Miret’s lyrics were a step up too. As promised, tracks like Remind Them, Blind Justice and United And Strong carried timeless messages of rejecting authority and finding strength in unity, and while the likes of Last Warning and Your Mistake did lean a little more into the tough guy image AF have never quite been able to shake, others were perhaps surprisingly vulnerable. The aforementioned With Time was Miret’s version of a love song for his then girlfriend Amy, this track, Hiding Inside and Fascist Attitudes all taking stock of the violence he saw in himself and expressing a genuine desire to change. “It’s time to grow out of your Nazi hypocrism / When you really don’t want part of a fucked up system”, he sings in the latter – though clearly that wasn’t enough for some.

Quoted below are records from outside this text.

lemma integral_rej_div_denom_le:
  assumes j: "1 \<le> j" "\<theta> j = 0"
  shows "(\<integral>\<omega>. rej p a j \<omega> / denom j \<omega> \<partial>M) \<le> (\<integral>\<omega>. a j \<omega> / denom j \<omega> \<partial>M)"
proof -
  let ?B = "{\<omega>\<in>space M. p j \<omega> \<le> a j \<omega>}"
  have "?B \<in> sets M" using a_measurable p_measurable j by measurable
  moreover have "AE \<omega> in M. real_cond_exp M (filt M p a (j - 1)) (indicator ?B) \<omega> \<le> a j \<omega>"
    using super_uniform j a_measurable_filt a_bounds by blast
  moreover have "(\<lambda>\<omega>. 1 / denom j \<omega>) \<in> borel_measurable (filt M p a (j - 1))"
    using denom_measurable_filt by measurable
  ultimately have "(\<integral>\<omega>. 1 / denom j \<omega> * indicator ?B \<omega> \<partial>M) \<le> (\<integral>\<omega>. 1 / denom j \<omega> * a j \<omega> \<partial>M)"
    using j a_measurable_filt a_bounds inverse_denom_bounds
    by (intro integral_mult_indicator_le_of_real_cond_exp_le[OF subalgebra_filt]) auto
  moreover have "(\<integral>\<omega>. 1 / denom j \<omega> * indicator ?B \<omega> \<partial>M) = (\<integral>\<omega>. rej p a j \<omega> / denom j \<omega> \<partial>M)"
    by (rule Bochner_Integration.integral_cong) (auto simp: rej_def indicator_def)
  ultimately show ?thesis by simp
qed

lemma memFDPstar_le_sum_level_div_denom:
  "\<omega> \<in> space M \<Longrightarrow> memFDPstar d \<theta> p a t \<omega> \<le> (\<Sum>j=1..t. a j \<omega> / denom j \<omega>)"
  unfolding memFDPstar_def using level_div_denom_bounds by (intro sum_mono2) (auto simp: H0_def)

lemma memFDPstar_0: "memFDPstar d \<theta> p a 0 \<omega> = 0"
  unfolding memFDPstar_def H0_def by simp

lemma memFDR_le_integral_memFDPstar: "memFDR M d \<theta> p a t \<le> (\<integral>\<omega>. memFDPstar d \<theta> p a t \<omega> \<partial>M)"
proof -
  let ?FDP = "\<lambda>\<omega>. (\<Sum>j\<in>H0 \<theta> t. d ^ (t - j) * rej p a j \<omega>) / memR d p a t \<omega>"
  let ?V = "\<lambda>\<omega>. \<Sum>j\<in>H0 \<theta> t. rej p a j \<omega> / denom j \<omega>"
  have H0_pos: "\<And>j. j \<in> H0 \<theta> t \<Longrightarrow> 1 \<le> j" and H0_null: "\<And>j. j \<in> H0 \<theta> t \<Longrightarrow> \<theta> j = 0"
    unfolding H0_def by auto
  have V_bounds: "0 \<le> ?V \<omega> \<and> ?V \<omega> \<le> real (card (H0 \<theta> t))" for \<omega>
    using sum_mono[of "H0 \<theta> t" "\<lambda>j. rej p a j \<omega> / denom j \<omega>" "\<lambda>_. 1"] rej_div_denom_bounds
    by (auto intro!: sum_nonneg)
  have FDP_le_V: "?FDP \<omega> \<le> ?V \<omega>" for \<omega>
    by (rule memFDP_le_sum_rej_div[OF d_nonneg])
  have FDP_nonneg: "0 \<le> ?FDP \<omega>" for \<omega>
    using memR_nonneg[OF d_nonneg] d_nonneg by (auto intro!: divide_nonneg_nonneg sum_nonneg simp: rej_nonneg)
  have memR_M: "memR d p a t \<in> borel_measurable M"
    by (rule measurable_filt_M[OF memR_measurable_filt])
  have int_V: "integrable M ?V"
    using V_bounds H0_pos rej_measurable_M denom_measurable
    by (intro integrable_bounded_nonneg[where B="real (card (H0 \<theta> t))"]) auto
  have int_FDP: "integrable M ?FDP"
  proof (rule integrable_bounded_nonneg[where B="real (card (H0 \<theta> t))"])
    show "?FDP \<in> borel_measurable M"
      using H0_pos rej_measurable_M memR_M by (intro borel_measurable_divide borel_measurable_sum) auto
    show "0 \<le> ?FDP \<omega> \<and> ?FDP \<omega> \<le> real (card (H0 \<theta> t))" for \<omega>
      using FDP_nonneg FDP_le_V V_bounds by (meson order_trans)
  qed
  have "memFDR M d \<theta> p a t = (\<integral>\<omega>. ?FDP \<omega> \<partial>M)" unfolding memFDR_def ..
  also have "\<dots> \<le> (\<integral>\<omega>. ?V \<omega> \<partial>M)" by (rule integral_mono[OF int_FDP int_V FDP_le_V])
  also have "\<dots> = (\<Sum>j\<in>H0 \<theta> t. (\<integral>\<omega>. rej p a j \<omega> / denom j \<omega> \<partial>M))"
    by (rule Bochner_Integration.integral_sum) (use integrable_rej_div_denom H0_pos in blast)
  also have "\<dots> \<le> (\<Sum>j\<in>H0 \<theta> t. (\<integral>\<omega>. a j \<omega> / denom j \<omega> \<partial>M))"
    by (rule sum_mono) (use integral_rej_div_denom_le H0_pos H0_null in blast)
  also have "\<dots> = (\<integral>\<omega>. memFDPstar d \<theta> p a t \<omega> \<partial>M)"
    unfolding memFDPstar_def
    by (rule Bochner_Integration.integral_sum[symmetric]) (use integrable_level_div_denom H0_pos in blast)
  finally show ?thesis .
qed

Tim Yohannan of the influential Maximum Rocknroll was convinced that AF were Nazi skinheads, his September 1984 review of the record alleging that “much of the narrow-mindedness, fanatical nationalism, and violence that has destroyed the New York punk scene seems to have revolved around AGNOSTIC FRONT.” The band’s use of the harrowing photograph known as The Last Jew In Vinnitsa for the album’s artwork didn’t particularly help matters either, though Miret has gone on record multiple times to explain that the intention was always to educate. “It was a pretty intense photo,” he acknowledged to Songfacts in 2015. “But that was the purpose of it. I wanted people to see that and know that that did happen, and it can happen again.”

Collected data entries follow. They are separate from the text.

(* For $m\ge2$ let $\beta(m)=\inf\{t>0:Z_{m-1}(t)\ge\frac{1}{2e}\}$ for the frozen boundaries process $\mathbf{Z}_m$. There exists $c\in(0,\infty)$ such that for all $m>1$, $\mathbb{E}^*\beta(m)\le cm^2$.
   Context: Frozen boundaries process: for $m\ge2$, $\mathbf{Z}_m=(Z_1,\dots,Z_m)$ is an $m$-particle pure jump Markov process on $\mathbb{R}$ with $Z_1(t)=1$ and $Z_m(t)=0$ for all $t\ge0$, $Z_i(0)=0$ for $i\in\{2,\dots,m\}$, and $Z_1(t)\ge Z_2(t)\ge\dots\ge Z_m(t)$. For each $i\in\{2,\dots,m-1\}$, particle $Z_i$ jumps at rate $Z_{i-1}(t)-Z_i(t)$ to a location chosen uniformly in $(Z_i(t),Z_{i-1}(t))$ (so it cannot move while $Z_i=Z_{i-1}$). $\mathbb{P}^*,\mathbb{E}^*$ denote its law and expectation. *)

theory Defs
  imports "HOL-Probability.Probability"
begin

text \<open>Frozen boundaries process Z_m, constructed pathwise (standard Gillespie /
 superposition construction) from an i.i.d. sequence of pairs (U_k, E_k),
 U_k uniform on (0,1), E_k exponential with rate 1, all independent.
 Configurations are functions nat => real; only indices 1..m are meaningful.\<close>

definition fb_init :: "nat \<Rightarrow> nat \<Rightarrow> real" where
  "fb_init m i = (if i = 1 then 1 else 0)"

definition fb_rate :: "nat \<Rightarrow> (nat \<Rightarrow> real) \<Rightarrow> real" where
  "fb_rate m z = (\<Sum>i\<in>{2..m-1}. z (i - 1) - z i)"

text \<open>One jump driven by U in (0,1): the point u is uniform on (z(m-1), z(1)), which is the
 disjoint union of the intervals (z i, z(i-1)), i = 2..m-1; choosing u this way selects
 particle i with probability proportional to its rate z(i-1) - z(i), and moves it to a
 uniform location in (z i, z(i-1)).\<close>
definition fb_jump :: "nat \<Rightarrow> (nat \<Rightarrow> real) \<Rightarrow> real \<Rightarrow> nat \<Rightarrow> real" where
  "fb_jump m z U = (let u = z (m - 1) + U * fb_rate m z in
     (\<lambda>i. if 2 \<le> i \<and> i \<le> m - 1 \<and> z i < u \<and> u < z (i - 1) then u else z i))"

fun fb_chain :: "nat \<Rightarrow> (nat \<Rightarrow> real \<times> real) \<Rightarrow> nat \<Rightarrow> nat \<Rightarrow> real" where
  "fb_chain m \<omega> 0 = fb_init m"
| "fb_chain m \<omega> (Suc k) = fb_jump m (fb_chain m \<omega> k) (fst (\<omega> k))"

text \<open>Holding time in the k-th state: Exp(rate) = E_k / rate (infinite if rate is 0).\<close>
definition fb_hold :: "nat \<Rightarrow> (nat \<Rightarrow> real \<times> real) \<Rightarrow> nat \<Rightarrow> ennreal" where
  "fb_hold m \<omega> k = (let r = fb_rate m (fb_chain m \<omega> k) in
     if 0 < r then ennreal (snd (\<omega> k) / r) else \<infinity>)"

definition fb_jumptime :: "nat \<Rightarrow> (nat \<Rightarrow> real \<times> real) \<Rightarrow> nat \<Rightarrow> ennreal" where
  "fb_jumptime m \<omega> k = (\<Sum>j<k. fb_hold m \<omega> j)"

definition fb_Z :: "nat \<Rightarrow> (nat \<Rightarrow> real \<times> real) \<Rightarrow> real \<Rightarrow> nat \<Rightarrow> real" where
  "fb_Z m \<omega> t = fb_chain m \<omega> (card {k. 1 \<le> k \<and> fb_jumptime m \<omega> k \<le> ennreal t})"

definition fb_space :: "(nat \<Rightarrow> real \<times> real) measure" where
  "fb_space = PiM UNIV (\<lambda>_::nat.
      uniform_measure lborel {0<..<(1::real)} \<Otimes>\<^sub>M density lborel (exponential_density 1))"

text \<open>beta(m) = inf{t > 0 : Z_{m-1}(t) >= 1/(2e)} (value infinity if the set is empty).\<close>
definition fb_beta :: "nat \<Rightarrow> (nat \<Rightarrow> real \<times> real) \<Rightarrow> ennreal" where
  "fb_beta m \<omega> = Inf {ennreal t | t. 0 < t \<and> 1 / (2 * exp 1) \<le> fb_Z m \<omega> t (m - 1)}"

end

theory Submission
  imports Defs
begin

(*
  While Z_(m-1) < 1/(2e), the total jump rate 1 - Z_(m-1) exceeds 1/2, so the k-th holding time
  E_k / rate is at most 2 (1 + E_k).  Hence beta(m) is at most one plus twice the sum of 1 + E_k
  over the jumps made before Z_(m-1) first reaches the level.

  This cost is controlled by the mass Z_2 + ... + Z_(m-1) <= m - 2 of the inner particles.  At a
  jump the target point is uniform on (Z_(m-1), 1), an interval of length L > 1/2 cut into the gaps
  g_i = Z_(i-1) - Z_i.  Landing in the upper half of gap i has probability g_i / (2 L) and raises the
  mass by at least g_i / 2, so the expected gain is at least (sum g_i^2) / (4 L) >= L / (4 (m - 2))
  by Cauchy-Schwarz.  Scaled by 16 (m - 2), the mass therefore gains at least 2 = E (1 + E_k) per
  step, and optional stopping bounds the expected cost by 16 (m - 2)^2.
*)

lemma nn_integral_PiM_case_nat:
  assumes M: "prob_space M" and f[measurable]: "f \<in> borel_measurable (PiM UNIV (\<lambda>_::nat. M))"
  shows "(\<integral>\<^sup>+\<omega>. f \<omega> \<partial>PiM UNIV (\<lambda>_. M)) =
    (\<integral>\<^sup>+x. (\<integral>\<^sup>+\<omega>. f (case_nat x \<omega>) \<partial>PiM UNIV (\<lambda>_. M)) \<partial>M)"
proof -
  interpret prob_space M by (fact M)
  interpret sequence_space M by unfold_locales
  have [measurable]: "(\<lambda>(x, \<omega>). case_nat x \<omega>) \<in> measurable (M \<Otimes>\<^sub>M S) S" by measurable
  have "(\<integral>\<^sup>+\<omega>. f \<omega> \<partial>S) = (\<integral>\<^sup>+\<omega>. f \<omega> \<partial>distr (M \<Otimes>\<^sub>M S) S (\<lambda>(x, \<omega>). case_nat x \<omega>))"
    by (simp add: PiM_iter)
  also have "\<dots> = (\<integral>\<^sup>+y. f (case_prod case_nat y) \<partial>(M \<Otimes>\<^sub>M S))"
    by (simp add: nn_integral_distr)
  also have "\<dots> = (\<integral>\<^sup>+x. (\<integral>\<^sup>+\<omega>. f (case_nat x \<omega>) \<partial>S) \<partial>M)"
    by (subst sigma_finite_measure.nn_integral_fst[symmetric])
      (auto intro: prob_space_imp_sigma_finite prob_space_PiM M)
  finally show ?thesis .
qed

Ultimately the band’s efforts and legacy should speak for themselves. They haven’t always nailed it – there’s a track on the album after this that really was a misstep, for example – but for over 40 years AGNOSTIC FRONT have always attempted to stand for what is right. It began, in earnest at least, with Victim In Pain, the album that will forever be regarded as their finest hour and the first true classic in a pantheon that now overflows with the works of the likes of the CRO-MAGS, LEEWAY, MADBALL, SICK OF IT ALL, BIOHAZARD and MERAUDER, to name just a few. New York may have had some catching up to do back in 1984, but the arrival of Victim In Pain marked the moment from which the hardcore scene would forever be trying to catch up with New York.
Victim In Pain was originally released in September 1984 via Rat Cage Records.